On the final day before a five-week summer break, Congress was leaving a long list of unfinished business

By DONNA CASSATA, Associated Press

WASHINGTON — Rushing toward the exits, Congress on Thursday scrambled to wrap up legislation addressing the troubled Veterans Affairs Department and a looming shortfall in highway money. House Republicans sought to win over reluctant, tea party conservatives on a border security bill.

On the final day before a five-week summer break, Congress was leaving a long list of unfinished business after 18 months of bitter partisanship. Democrats cast Republicans as the obstacle; Republicans said President Barack Obama has been missing in action.

“We’ve not had a productive Congress,” acknowledged Senate Majority Leader Harry Reid, D-Nev.

Minority Leader Mitch McConnell, R-Ky., said Obama has chosen to raise money in Hollywood rather than work with Congress.

The institutional split of a Republican-led House and Democratic-controlled Senate has added up to inaction, especially in a midterm election year with control of the Senate at stake.

House Speaker John Boehner, R-Ohio, underscored the political divide, describing any attempt by Senate Democrats to add parts of a year-old comprehensive immigration bill to the border security measure as a “nutso scheme.”

Lawmakers have struggled to compromise on a handful of bills to deal with the nation’s pressing problems, sometimes having to negotiate within their own ranks.

In a last-minute push for votes for a $659 million border bill, House Republican leaders sought to tamp down tea party unrest stirred by Texas Sen.

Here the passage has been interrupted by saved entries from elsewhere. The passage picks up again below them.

(* Let $q$ be a prime power, let $\alpha,\beta\in\mathbb{F}_q\setminus\{0\}$, let $x_1,\dots,x_L\in\mathbb{F}_q^n$ be pairwise distinct and let $y_1,\dots,y_L\in\mathbb{F}_q^n$ be pairwise distinct. If $L\ge(\Gamma_q)^n$, then there exist $i,i',i''\in[L]$ with $i\ne i'$, $i\ne i''$ and $\alpha x_i+\beta y_i=\alpha x_{i'}+\beta y_{i''}$.
   Context: For an integer $t\ge2$ let $J(t)=\frac1t\min_{0<x<1}\frac{1+x+\cdots+x^{t-1}}{x^{(t-1)/3}}$, and for a prime power $q$ let $\Gamma_q:=q\,J(q)$ (so $\Gamma_q<0.945q$). *)

theory Defs
  imports "HOL-Analysis.Analysis"
begin

text \<open>J(t) = (1/t) * min over 0<x<1 of (1 + x + ... + x^(t-1)) / x^((t-1)/3).
  The minimum is attained; we write it as an infimum over the open interval.\<close>
definition J :: "nat \<Rightarrow> real" where
  "J t = (1 / real t) *
     (INF x\<in>{0<..<(1::real)}. (\<Sum>k<t. x ^ k) / x powr ((real t - 1) / 3))"

definition Gamma_q :: "nat \<Rightarrow> real" where
  "Gamma_q q = real q * J q"

end

theory Submission
  imports Defs "HOL-Library.FuncSet" "HOL-Computational_Algebra.Polynomial"
begin

text \<open>Suppose no such triple exists. Then for every \<open>k\<close> the vectors \<open>\<alpha> x\<^sub>\<sigma>\<close>, \<open>\<beta> y\<^sub>\<sigma>\<close>,
  \<open>-(\<alpha> x\<^sub>\<sigma> + \<beta> y\<^sub>\<sigma>)\<close> indexed by \<open>\<sigma> \<in> [L]\<^sup>k\<close> form a tricoloured sum-free set in \<open>\<bbbF>\<^sub>q\<^sup>n\<^sup>k\<close>.
  By the slice rank method (Croot--Lev--Pach, Ellenberg--Gijswijt, Tao) its size \<open>L\<^sup>k\<close> is at most
  three times the number of exponent vectors in \<open>{0..q-1}\<^sup>n\<^sup>k\<close> of degree at most \<open>(q-1)nk/3\<close>.
  Weighting an exponent vector of degree \<open>s\<close> by \<open>x\<^sup>s\<close>, with \<open>x\<close> the minimiser in the definition of
  \<open>\<Gamma>\<^sub>q\<close>, bounds that number by \<open>\<theta> \<Gamma>\<^sub>q\<^sup>n\<^sup>k / (1 - x)\<close>, where \<open>\<theta> S\<^sup>N\<close> bounds the coefficients of
  \<open>(1 + x X + \<dots> + x\<^sup>q\<^sup>-\<^sup>1 X\<^sup>q\<^sup>-\<^sup>1)\<^sup>N\<close> and \<open>S = 1 + x + \<dots> + x\<^sup>q\<^sup>-\<^sup>1\<close>. Splitting a Bernoulli component
  \<open>(1 + X)/2\<close> off the normalised polynomial shows that \<open>\<theta>\<close> can be taken arbitrarily small for large
  \<open>N\<close>. For large \<open>k\<close> this gives \<open>L\<^sup>k \<le> 3/4 \<Gamma>\<^sub>q\<^sup>n\<^sup>k \<le> 3/4 L\<^sup>k\<close>, a contradiction.\<close>

section \<open>Slice rank of the diagonal tensor\<close>

lemma card_le_card_mult_card_of_fibres_inject:
  assumes "finite Z" "finite K" "\<Phi> ` X \<subseteq> Z"
    and "\<And>h0. h0 \<in> X \<Longrightarrow>
      \<exists>d. inj_on d {h\<in>X. \<Phi> h = \<Phi> h0} \<and> d ` {h\<in>X. \<Phi> h = \<Phi> h0} \<subseteq> K"
  shows "card X \<le> card Z * card K"
proof -
  have "card X = card (\<Union>z\<in>Z. {h\<in>X. \<Phi> h = z})"
    using assms(3) by (intro arg_cong[where f = card]) auto
  also have "\<dots> \<le> (\<Sum>z\<in>Z. card {h\<in>X. \<Phi> h = z})"
    by (rule card_UN_le[OF assms(1)])
  also have "\<dots> \<le> (\<Sum>z\<in>Z. card K)"
  proof (rule sum_mono)
    fix z
    show "card {h\<in>X. \<Phi> h = z} \<le> card K"
    proof (cases "\<exists>h0\<in>X. \<Phi> h0 = z")
      case True
      then obtain h0 d where "h0 \<in> X" "\<Phi> h0 = z"
        and "inj_on d {h\<in>X. \<Phi> h = z}" "d ` {h\<in>X. \<Phi> h = z} \<subseteq> K"
        using assms(4) by blast
      then show ?thesis using card_inj_on_le assms(2) by blast
    next
      case False
      then have "{h\<in>X. \<Phi> h = z} = {}" by blast
      then show ?thesis by (metis card.empty zero_le)
    qed
  qed
  finally show ?thesis by simp
qed

lemma card_linear_kernel_ge:
  fixes l :: "'c \<Rightarrow> 'p \<Rightarrow> 'F::{field,finite}"
  assumes "finite P" "finite A"
  shows "CARD('F) ^ card P \<le>
    CARD('F) ^ card A * card {h \<in> P \<rightarrow>\<^sub>E UNIV. \<forall>a\<in>A. (\<Sum>p\<in>P. h p * l a p) = 0}"
proof -
  let ?\<Phi> = "\<lambda>h. restrict (\<lambda>a. \<Sum>p\<in>P. h p * l a p) A"
  let ?K = "{h \<in> P \<rightarrow>\<^sub>E UNIV. \<forall>a\<in>A. (\<Sum>p\<in>P. h p * l a p) = 0}"
  have "card (P \<rightarrow>\<^sub>E (UNIV :: 'F set)) \<le> card (A \<rightarrow>\<^sub>E (UNIV :: 'F set)) * card ?K"
  proof (rule card_le_card_mult_card_of_fibres_inject[where \<Phi> = ?\<Phi>])
    fix h0 :: "'p \<Rightarrow> 'F"
    let ?fibre = "{h \<in> P \<rightarrow>\<^sub>E UNIV. ?\<Phi> h = ?\<Phi> h0}"
    \<comment> \<open>the fibres of a linear map are translates of its kernel\<close>
    let ?d = "\<lambda>h. restrict (\<lambda>p. h p - h0 p) P"
    have "inj_on ?d ?fibre"
    proof (rule inj_onI)
      fix h h' assume "h \<in> ?fibre" "h' \<in> ?fibre" and d_eq: "?d h = ?d h'"
      have "h p = h' p" if "p \<in> P" for p
      proof -
        have "h p - h0 p = h' p - h0 p" using fun_cong[OF d_eq, of p] that by simp
        then show ?thesis by simp
      qed
      then show "h = h'" using \<open>h \<in> ?fibre\<close> \<open>h' \<in> ?fibre\<close>
        by (intro PiE_ext[of _ P "\<lambda>_. UNIV"]) auto
    qed
    moreover have "?d h \<in> ?K" if "h \<in> ?fibre" for h
    proof -
      have same_image: "?\<Phi> h = ?\<Phi> h0" using that by simp
      have "(\<Sum>p\<in>P. h p * l a p) = (\<Sum>p\<in>P. h0 p * l a p)" if "a \<in> A" for a
        using fun_cong[OF same_image, of a] that by simp
      then show ?thesis by (simp add: left_diff_distrib sum_subtractf)
    qed
    ultimately show "\<exists>d. inj_on d ?fibre \<and> d ` ?fibre \<subseteq> ?K" by blast
  qed (use assms in \<open>auto simp: finite_PiE\<close>)
  then show ?thesis using assms by (simp add: card_PiE)
qed

lemma card_field_ge_2: "2 \<le> CARD('F::{field,finite})"
proof -
  have "card {0::'F, 1} \<le> CARD('F)" by (rule card_mono) auto
  then show ?thesis by simp
qed

lemma linear_system_nontrivial_solution:
  fixes l :: "'c \<Rightarrow> 'p \<Rightarrow> 'F::{field,finite}"
  assumes "finite P" "finite A" "card A < card P"
  obtains h p where "h \<in> P \<rightarrow>\<^sub>E UNIV" "\<forall>a\<in>A. (\<Sum>p\<in>P. h p * l a p) = 0" "p \<in> P" "h p \<noteq> 0"
proof -
  let ?K = "{h \<in> P \<rightarrow>\<^sub>E UNIV. \<forall>a\<in>A. (\<Sum>p\<in>P. h p * l a p) = 0}"
  let ?zero = "restrict (\<lambda>_. 0) P :: 'p \<Rightarrow> 'F"
  have q: "2 \<le> CARD('F)" by (rule card_field_ge_2)
  have "CARD('F) ^ card A * CARD('F) = CARD('F) ^ Suc (card A)" by simp
  also have "\<dots> \<le> CARD('F) ^ card P"
    using assms(3) q by (intro power_increasing) auto
  also have "\<dots> \<le> CARD('F) ^ card A * card ?K"
    by (rule card_linear_kernel_ge[OF assms(1,2)])
  finally have "2 \<le> card ?K" using q by simp
  have "\<not> ?K \<subseteq> {?zero}"
  proof
    assume "?K \<subseteq> {?zero}"
    then have "card ?K \<le> 1" using card_mono[of "{?zero}" ?K] by simp
    with \<open>2 \<le> card ?K\<close> show False by simp
  qed
  then obtain h where h: "h \<in> ?K" "h \<noteq> ?zero" by blast
  have "\<exists>p\<in>P. h p \<noteq> 0"
  proof (rule ccontr)
    assume "\<not> (\<exists>p\<in>P. h p \<noteq> 0)"
    then have "h = ?zero" using h(1) by (intro PiE_ext[of _ P "\<lambda>_. UNIV"]) auto
    with h(2) show False by contradiction
  qed
  with h that show ?thesis by blast
qed
lemma double_cross_flow_tendsto_equilibrium:
  fixes x :: "real \<Rightarrow> real^3" and \<alpha> :: "3 \<Rightarrow> real"
  assumes "inj \<alpha>" and "\<And>i. 0 < \<alpha> i" and "v \<noteq> 0"
    and x': "\<And>t. (x has_vector_derivative double_cross_field u v (diag_affine \<alpha> d) (x t)) (at t)"
  shows "\<exists>q. cross3 q (diag_affine \<alpha> d q) = 0 \<and> (x \<longlongrightarrow> q) at_top"
proof -
  let ?m = "diag_affine \<alpha> d"
  have "((\<lambda>t. diag_potential \<alpha> d (x t)) has_real_derivative 0) (at t)" for t
    using has_real_derivative_diag_potential[OF x'[of t], of \<alpha> d]
    by (simp add: double_cross_field_def inner_add_right dot_cross_self)
  then have "diag_potential \<alpha> d (x t) = diag_potential \<alpha> d (x 0)" for t
    using DERIV_isconst_all by blast
  then have "bounded (range x)"
    using bounded_diag_potential_sublevel[where \<alpha> = \<alpha> and d = d and c = "diag_potential \<alpha> d (x 0)"] \<open>\<And>i. 0 < \<alpha> i\<close>
    by (metis (mono_tags, lifting) bounded_subset image_subsetI mem_Collect_eq order_refl)
  define W where "W z = (norm z)\<^sup>2 / (2 * v)" for z :: "real^3"
  define \<phi> where "\<phi> z = (norm (cross3 z (?m z)))\<^sup>2" for z
  have W': "((\<lambda>t. W (x t)) has_real_derivative - \<phi> (x t)) (at t)" for t
  proof -
    have "x t \<bullet> double_cross_field u v ?m (x t) = - v * \<phi> (x t)"
      by (simp add: double_cross_field_def \<phi>_def inner_add_right dot_cross_self inner_cross3_cross3)
    then show ?thesis
      using DERIV_cdivide[OF has_real_derivative_power2_norm[OF x'[of t]], of "2 * v"] \<open>v \<noteq> 0\<close>
      by (simp add: W_def)
  qed
  have "finite {p. \<phi> p = 0 \<and> W p = l}" for l
  proof -
    have "{p. \<phi> p = 0 \<and> W p = l} \<subseteq> {p. cross3 p (?m p) = 0 \<and> (norm p)\<^sup>2 = 2 * v * l}"
      using \<open>v \<noteq> 0\<close> by (auto simp: \<phi>_def W_def field_simps)
    then show ?thesis
      using finite_diag_equilibria_on_sphere[OF \<open>inj \<alpha>\<close>] finite_subset by blast
  qed
  moreover have "continuous_on UNIV (double_cross_field u v ?m)"
    unfolding double_cross_field_def by (intro continuous_intros continuous_on_cross continuous_on_diag_affine)
  moreover have "continuous_on UNIV W"
    unfolding W_def using \<open>v \<noteq> 0\<close> by (intro continuous_intros) auto
  moreover have "continuous_on UNIV \<phi>"
    unfolding \<phi>_def by (intro continuous_intros continuous_on_cross continuous_on_diag_affine)
  ultimately obtain q where "\<phi> q = 0" "(x \<longlongrightarrow> q) at_top"
    using lyapunov_finite_levels_imp_tendsto[OF x' _ \<open>bounded (range x)\<close> _ _ _ W'] \<phi>_def by force
  then show ?thesis
    unfolding \<phi>_def by auto
qed

lemma has_vector_derivative_reversed_time:
  assumes "\<And>t. (x has_vector_derivative F (x t)) (at t)"
  shows "((\<lambda>t. x (- t)) has_vector_derivative - F (x (- t))) (at t)"
proof -
  have "((\<lambda>t. - t) has_vector_derivative -1) (at t)"
    using has_real_derivative_iff_has_vector_derivative by (auto intro!: derivative_eq_intros)
  from vector_diff_chain_at[OF this assms]
  show ?thesis
    by (simp add: comp_def)
qed

lemma mvec_eq_diag_affine:
  "mvec a1 a2 a3 a b c = diag_affine (vec_nth (vector [a1, a2, a3])) (vector [a, b, c])"
  by (simp add: fun_eq_iff vec_eq_iff forall_3 mvec_def diag_affine_def)

theorem theorem5p2:
  fixes a1 a2 a3 a b c \<epsilon> :: real and x :: "real \<Rightarrow> real^3"
  assumes "0 < a1" "a1 < a2" "a2 < a3"
    and "\<epsilon> \<noteq> 0"
    and "\<forall>t. (x has_vector_derivative revised_field a1 a2 a3 a b c \<epsilon> (x t)) (at t)"
  shows "\<exists>xm xM. xm \<in> equilibria a1 a2 a3 a b c \<and> xM \<in> equilibria a1 a2 a3 a b c \<and>
           (x \<longlongrightarrow> xM) at_bot \<and> (x \<longlongrightarrow> xm) at_top"
proof -
  define \<alpha> where "\<alpha> = vec_nth (vector [a1, a2, a3] :: real^3)"
  define d where "d = (vector [a, b, c] :: real^3)"
  have mvec: "mvec a1 a2 a3 a b c = diag_affine \<alpha> d"
    unfolding \<alpha>_def d_def by (rule mvec_eq_diag_affine)
  have "inj \<alpha>"
    using assms(1-3) by (auto simp: \<alpha>_def inj_def forall_3)
  have pos: "0 < \<alpha> i" for i
    using assms(1-3) exhaust_3[of i] by (auto simp: \<alpha>_def)
  have forward: "\<And>t. (x has_vector_derivative double_cross_field 1 \<epsilon> (diag_affine \<alpha> d) (x t)) (at t)"
    using assms(5) by (simp add: revised_field_def double_cross_field_def mvec)
  have backward:
    "\<And>t. ((\<lambda>t. x (- t)) has_vector_derivative double_cross_field (- 1) (- \<epsilon>) (diag_affine \<alpha> d) (x (- t))) (at t)"
    using has_vector_derivative_reversed_time[OF forward] by (simp add: double_cross_field_def)
  obtain xm where "cross3 xm (diag_affine \<alpha> d xm) = 0" "(x \<longlongrightarrow> xm) at_top"
    using double_cross_flow_tendsto_equilibrium[OF \<open>inj \<alpha>\<close> pos \<open>\<epsilon> \<noteq> 0\<close> forward] by blast
  moreover obtain xM where "cross3 xM (diag_affine \<alpha> d xM) = 0" "((\<lambda>t. x (- t)) \<longlongrightarrow> xM) at_top"
    using double_cross_flow_tendsto_equilibrium[OF \<open>inj \<alpha>\<close> pos _ backward] \<open>\<epsilon> \<noteq> 0\<close> by auto
  ultimately show ?thesis
    unfolding equilibria_def mvec using filterlim_at_bot_mirror by blast
qed

end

Ted Cruz. The leaders scheduled a companion vote on legislation that would block Obama from extending deportation relief to any more immigrants living here illegally.

Rep. Hal Rogers, R-Ky., chairman of the Appropriations Committee, spoke of a need to turn back “the tide of illegal immigrants” and said the problem had been exacerbated by Obama administration policies.

White House officials have indicated plans to unilaterally expand that program, perhaps to millions more people, because of the House’s failure to act this year on a comprehensive immigration overhaul bill passed by the Senate. Republicans warn that that would provoke a constitutional crisis, and a few conservatives have said it would be grounds for impeachment.

Boehner told reporters it would “seal a legacy of lawlessness.”

The White House issued a statement assailing House Republicans for their inaction on comprehensive legislation and then willingness to target a program that “has benefited more than 500,000 young people who are Americans in every way except on paper.”

House Minority Leader Nancy Pelosi, D-Calif., complained of a “mess on the floor of the House” in its final days of work before the recess. She said Republican leaders added the companion bill “to sweeten the pie” for immigration reform opponents and “intensify the harm for children.”

The fast-moving developments would seem to ensure House passage of the border bill that would allow migrant youths to be sent home more quickly and would dispatch National Guard troops to the border, yet do nothing to change the overall stalemate in Congress over the border crisis in South Texas.

The Senate’s version of the bill — a $3.5 billion package that also includes money for Western wildfires and Israel — faces opposition from Republicans and some Democrats, who argue the measure amounts to a blank check for Obama with no policy changes.

That left no apparent path for a compromise bill to reach Obama’s desk before Congress’ recess, even as lawmakers in both parties said they wanted to act.

Voicing her opposition to the House bills, Rep. Nita Lowey of New York, the top Democrat on the panel, said she regretted “the consequences of our failure.”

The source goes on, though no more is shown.